But top layer Si Ge layer has kept a certain amount of tensile strain in the GeOI wafer that restores.This is because when crooked thermal anneal process, has set suitable annealing temperature and time, guarantees that the mechanical external force that is applied can surpass the yield strength of SiN but less than the yield strength of Si substrate, make SiN generation plastic deformation, and the Si substrate is elastic deformation all the time.The SiN enterree of plastic deformation is resilience fully when the resilience of GeOI wafer is restored, and still keeps a certain amount of tensile strain.And top layer Si Ge receives the effect that pulls and supports of plastic deformation SiN enterree, and resilience fully finally forms single shaft tensile strain GeOI.
In like manner; As if being placed on, GeOI wafer top layer Si Ge aspect carries out mechanical bend and thermal annealing on the circular arc table top downwards; Because top layer Si Ge layer is in the bottom of GeOI wafer neutral surface; Its lattice will be compressed when bending is annealed, and lattice constant diminishes, and finally can obtain single shaft compressive strain GeOI wafer.
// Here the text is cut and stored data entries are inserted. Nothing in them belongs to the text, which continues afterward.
(* Let $\mathbf{A}\in V(\mathsf{BCA})$. Put $O(\mathbf{A})=\{a\in A:J_2a=a\}$ and $D(\mathbf{A})=\{a\in A:J_2a=0\}$. For $a\in A$: (1) $a\in O(\mathbf{A})$ iff $a=J_2b$ for some $b\in A$; (2) $a\in D(\mathbf{A})$ iff $a=b\wedge\neg b$ for some $b\in A$. Moreover: (3) $O(\mathbf{A})$ is the universe of a subalgebra $\mathbf{O}(\mathbf{A})$ of $\mathbf{A}$ whose $\{\wedge,\vee,\neg,0,1\}$-reduct is a Boolean algebra; (4) $D(\mathbf{A})$ is the universe of a semilattice $\mathbf{D}(\mathbf{A})$ which is isomorphic to a quotient of $\mathbf{A}$. Here $D(\mathbf{A})$ contains $0$ and is closed under $\vee$ and $J_2$, and $\neg$ is set to be the identity on it.
   Context: $\mathbf{WK}^e$ is the three-element algebra on $\{0,\tfrac12,1\}$ of type $\langle\wedge,\vee,\neg,J_2,0,1\rangle$. Its operations are: - $\neg$ swaps $0,1$ and fixes $\tfrac12$; - $\wedge,\vee$ are Boolean on $\{0,1\}$ and return $\tfrac12$ if some argument is $\tfrac12$; - $J_2(1)=1$ and $J_2(\tfrac12)=J_2(0)=0$. $\mathsf{BCA}=ISP(\mathbf{WK}^e)$ and $V(\mathsf{BCA})=HSP(\mathbf{WK}^e)$. A semilattice (in this type) is a member of $V(\mathsf{BCA})$ satisfying $\neg x\approx x$. Equivalently, its $\vee$ and $\wedge$ coincide, giving a join-semilattice with zero $0=1$, and $J_2$ is constantly $0$. *)

theory Defs
  imports Main
begin

datatype wk = W0 | Wh | W1

fun wk_neg :: "wk \<Rightarrow> wk" where
  "wk_neg W0 = W1" | "wk_neg Wh = Wh" | "wk_neg W1 = W0"

definition wk_meet :: "wk \<Rightarrow> wk \<Rightarrow> wk" where
  "wk_meet x y = (if x = Wh \<or> y = Wh then Wh
                  else if x = W1 \<and> y = W1 then W1 else W0)"

definition wk_join :: "wk \<Rightarrow> wk \<Rightarrow> wk" where
  "wk_join x y = (if x = Wh \<or> y = Wh then Wh
                  else if x = W1 \<or> y = W1 then W1 else W0)"

fun wk_J2 :: "wk \<Rightarrow> wk" where
  "wk_J2 W1 = W1" | "wk_J2 Wh = W0" | "wk_J2 W0 = W0"

record 'a alg =
  car :: "'a set"
  meet :: "'a \<Rightarrow> 'a \<Rightarrow> 'a"
  join :: "'a \<Rightarrow> 'a \<Rightarrow> 'a"
  neg :: "'a \<Rightarrow> 'a"
  jtwo :: "'a \<Rightarrow> 'a"
  zero_el :: 'a
  one_el :: 'a

definition subuniverse :: "'a set \<Rightarrow> 'a alg \<Rightarrow> bool" where
  "subuniverse B A \<longleftrightarrow> B \<subseteq> car A
     \<and> (\<forall>x\<in>B. \<forall>y\<in>B. meet A x y \<in> B \<and> join A x y \<in> B)
     \<and> (\<forall>x\<in>B. neg A x \<in> B \<and> jtwo A x \<in> B)
     \<and> zero_el A \<in> B \<and> one_el A \<in> B"

definition subalg :: "'a set \<Rightarrow> 'a alg \<Rightarrow> 'a alg" where
  "subalg B A = A\<lparr>car := B\<rparr>"

definition hom :: "('a \<Rightarrow> 'b) \<Rightarrow> 'a alg \<Rightarrow> 'b alg \<Rightarrow> bool" where
  "hom f A B \<longleftrightarrow> (\<forall>x\<in>car A. f x \<in> car B)
     \<and> (\<forall>x\<in>car A. \<forall>y\<in>car A. f (meet A x y) = meet B (f x) (f y)
                              \<and> f (join A x y) = join B (f x) (f y))
     \<and> (\<forall>x\<in>car A. f (neg A x) = neg B (f x) \<and> f (jtwo A x) = jtwo B (f x))
     \<and> f (zero_el A) = zero_el B \<and> f (one_el A) = one_el B"

definition iso :: "('a \<Rightarrow> 'b) \<Rightarrow> 'a alg \<Rightarrow> 'b alg \<Rightarrow> bool" where
  "iso f A B \<longleftrightarrow> hom f A B \<and> bij_betw f (car A) (car B)"

definition wk_power :: "('i \<Rightarrow> wk) alg" where
  "wk_power = \<lparr> car = UNIV,
                meet = (\<lambda>f g i. wk_meet (f i) (g i)),
                join = (\<lambda>f g i. wk_join (f i) (g i)),
                neg = (\<lambda>f i. wk_neg (f i)),
                jtwo = (\<lambda>f i. wk_J2 (f i)),
                zero_el = (\<lambda>i. W0),
                one_el = (\<lambda>i. W1) \<rparr>"

text \<open>Membership in V(BCA) = HSP(WK^e): A is a homomorphic image of a
  subalgebra of a power of WK^e (index type 'i).\<close>
definition in_VBCA :: "'i itself \<Rightarrow> 'a alg \<Rightarrow> bool" where
  "in_VBCA _ A \<longleftrightarrow> (\<exists>(S :: ('i \<Rightarrow> wk) set) (h :: ('i \<Rightarrow> wk) \<Rightarrow> 'a).
      subuniverse S wk_power \<and> hom h (subalg S wk_power) A \<and> h ` S = car A)"

definition is_semilattice :: "'i itself \<Rightarrow> 'a alg \<Rightarrow> bool" where
  "is_semilattice T A \<longleftrightarrow> in_VBCA T A \<and> (\<forall>x\<in>car A. neg A x = x)"

definition boolean_alg :: "'a set \<Rightarrow> ('a \<Rightarrow> 'a \<Rightarrow> 'a) \<Rightarrow> ('a \<Rightarrow> 'a \<Rightarrow> 'a)
      \<Rightarrow> ('a \<Rightarrow> 'a) \<Rightarrow> 'a \<Rightarrow> 'a \<Rightarrow> bool" where
  "boolean_alg B m j n z u \<longleftrightarrow>
     (\<forall>x\<in>B. \<forall>y\<in>B. m x y \<in> B \<and> j x y \<in> B) \<and> (\<forall>x\<in>B. n x \<in> B) \<and> z \<in> B \<and> u \<in> B
   \<and> (\<forall>x\<in>B. \<forall>y\<in>B. m x y = m y x \<and> j x y = j y x)
   \<and> (\<forall>x\<in>B. \<forall>y\<in>B. \<forall>w\<in>B. m (m x y) w = m x (m y w) \<and> j (j x y) w = j x (j y w))
   \<and> (\<forall>x\<in>B. \<forall>y\<in>B. m x (j x y) = x \<and> j x (m x y) = x)
   \<and> (\<forall>x\<in>B. \<forall>y\<in>B. \<forall>w\<in>B. m x (j y w) = j (m x y) (m x w))
   \<and> (\<forall>x\<in>B. j x z = x \<and> m x u = x)
   \<and> (\<forall>x\<in>B. m x (n x) = z \<and> j x (n x) = u)"

definition congruence :: "('a \<times> 'a) set \<Rightarrow> 'a alg \<Rightarrow> bool" where
  "congruence \<theta> A \<longleftrightarrow> equiv (car A) \<theta>
     \<and> (\<forall>x x' y y'. (x, x') \<in> \<theta> \<longrightarrow> (y, y') \<in> \<theta> \<longrightarrow>
          (meet A x y, meet A x' y') \<in> \<theta> \<and> (join A x y, join A x' y') \<in> \<theta>)
     \<and> (\<forall>x x'. (x, x') \<in> \<theta> \<longrightarrow> (neg A x, neg A x') \<in> \<theta> \<and> (jtwo A x, jtwo A x') \<in> \<theta>)"

definition quot_alg :: "'a alg \<Rightarrow> ('a \<times> 'a) set \<Rightarrow> 'a set alg" where
  "quot_alg A \<theta> = \<lparr> car = car A // \<theta>,
      meet = (\<lambda>X Y. \<theta> `` {meet A (SOME x. x \<in> X) (SOME y. y \<in> Y)}),
      join = (\<lambda>X Y. \<theta> `` {join A (SOME x. x \<in> X) (SOME y. y \<in> Y)}),
      neg = (\<lambda>X. \<theta> `` {neg A (SOME x. x \<in> X)}),
      jtwo = (\<lambda>X. \<theta> `` {jtwo A (SOME x. x \<in> X)}),
      zero_el = \<theta> `` {zero_el A},
      one_el = \<theta> `` {one_el A} \<rparr>"

definition Oset :: "'a alg \<Rightarrow> 'a set" where
  "Oset A = {a \<in> car A. jtwo A a = a}"

definition Dset :: "'a alg \<Rightarrow> 'a set" where
  "Dset A = {a \<in> car A. jtwo A a = zero_el A}"

text \<open>The semilattice D(A): join from A (meet coincides with join), neg is the
  identity, J2 from A, and both constants are 0.\<close>
definition D_alg :: "'a alg \<Rightarrow> 'a alg" where
  "D_alg A = \<lparr> car = Dset A, meet = join A, join = join A, neg = (\<lambda>x. x),
               jtwo = jtwo A, zero_el = zero_el A, one_el = zero_el A \<rparr>"

end

theory Submission
  imports Defs
begin

(* An algebra A in V(BCA) is a homomorphic image of a subalgebra of a power of WK^e, so every
   identity of WK^e, being checked coordinatewise, holds in A.  Such identities show that
   dproj a = a \<and> \<not>a is a homomorphism from A onto the semilattice D(A) which fixes D(A)
   pointwise, and that a = dproj a \<or> J2 a.  Hence D(A) is isomorphic to A modulo the kernel of
   dproj, and O(A) is the preimage of 0 under dproj, a subalgebra.  Absorption and
   complementation hold in WK^e only up to a dproj-term, so they become exact on O(A), which is
   therefore Boolean. *)

lemma hom_comp:
  assumes "hom f A B" "hom g B C"
  shows "hom (g \<circ> f) A C"
  using assms unfolding hom_def by auto

lemma in_VBCA_hom_image:
  fixes T :: "'i itself"
  assumes "in_VBCA T A" "hom f A B" "f ` car A = car B"
  shows "in_VBCA T B"
proof -
  obtain S :: "('i \<Rightarrow> wk) set" and h
    where S: "subuniverse S wk_power" and h: "hom h (subalg S wk_power) A" and onto: "h ` S = car A"
    using assms(1) unfolding in_VBCA_def by blast
  have "hom (f \<circ> h) (subalg S wk_power) B"
    using h assms(2) by (rule hom_comp)
  moreover have "(f \<circ> h) ` S = car B"
    unfolding image_comp[symmetric] onto by (rule assms(3))
  ultimately show ?thesis
    unfolding in_VBCA_def using S by blast
qed

lemma subuniverse_hom_image:
  assumes hom: "hom f A B" and closed: "subuniverse (car A) A"
  shows "subuniverse (f ` car A) B"
  unfolding subuniverse_def
proof (intro conjI ballI)
  show "f ` car A \<subseteq> car B" using hom by (auto simp: hom_def)
  show "zero_el B \<in> f ` car A" "one_el B \<in> f ` car A"
    using hom closed unfolding hom_def subuniverse_def by (metis image_eqI)+
next
  fix x y assume "x \<in> f ` car A" "y \<in> f ` car A"
  then obtain a b where "a \<in> car A" "b \<in> car A" "x = f a" "y = f b" by blast
  then show "meet B x y \<in> f ` car A" "join B x y \<in> f ` car A"
    using hom closed unfolding hom_def subuniverse_def by (metis image_eqI)+
next
  fix x assume "x \<in> f ` car A"
  then obtain a where "a \<in> car A" "x = f a" by blast
  then show "neg B x \<in> f ` car A" "jtwo B x \<in> f ` car A"
    using hom closed unfolding hom_def subuniverse_def by (metis image_eqI)+
qed

lemma subuniverse_vimage:
  assumes hom: "hom f A B" and closed: "subuniverse (car A) A" and T: "subuniverse T B"
  shows "subuniverse {a \<in> car A. f a \<in> T} A"
  unfolding subuniverse_def
proof (intro conjI ballI)
  show "{a \<in> car A. f a \<in> T} \<subseteq> car A" by blast
  show "zero_el A \<in> {a \<in> car A. f a \<in> T}" "one_el A \<in> {a \<in> car A. f a \<in> T}"
    using hom closed T unfolding hom_def subuniverse_def by simp_all
next
  fix x y assume "x \<in> {a \<in> car A. f a \<in> T}" "y \<in> {a \<in> car A. f a \<in> T}"
  with hom closed T show "meet A x y \<in> {a \<in> car A. f a \<in> T}" "join A x y \<in> {a \<in> car A. f a \<in> T}"
    unfolding hom_def subuniverse_def by simp_all
next
  fix x assume "x \<in> {a \<in> car A. f a \<in> T}"
  with hom closed T show "neg A x \<in> {a \<in> car A. f a \<in> T}" "jtwo A x \<in> {a \<in> car A. f a \<in> T}"
    unfolding hom_def subuniverse_def by simp_all
qed

definition ker_rel :: "('a \<Rightarrow> 'b) \<Rightarrow> 'a alg \<Rightarrow> ('a \<times> 'a) set" where
  "ker_rel f A = {(x, y). x \<in> car A \<and> y \<in> car A \<and> f x = f y}"

lemma equiv_ker_rel: "equiv (car A) (ker_rel f A)"
  unfolding ker_rel_def by (rule equivI) (auto simp: refl_on_def sym_def trans_def)

lemma congruence_ker_rel:
  assumes "hom f A B" "subuniverse (car A) A"
  shows "congruence (ker_rel f A) A"
  using assms equiv_ker_rel unfolding congruence_def ker_rel_def hom_def subuniverse_def
  by auto

lemma ker_rel_class:
  "a \<in> car A \<Longrightarrow> ker_rel f A `` {a} = {x \<in> car A. f x = f a}"
  unfolding ker_rel_def by auto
With respect to existing uniaxial strain GeOI technology, the present invention has the following advantages:
1) manufacture craft is simple: with existing similar compared with techniques, do not have thermal oxidation, ion injection, high temperature to peel off extra technology, two processing steps of mechanical bend and thermal annealing are only arranged.。
2) equipment is few and can make by oneself: only need crooked platform and two equipment of annealing furnace can realize the present invention, and crooked platform can be made by oneself.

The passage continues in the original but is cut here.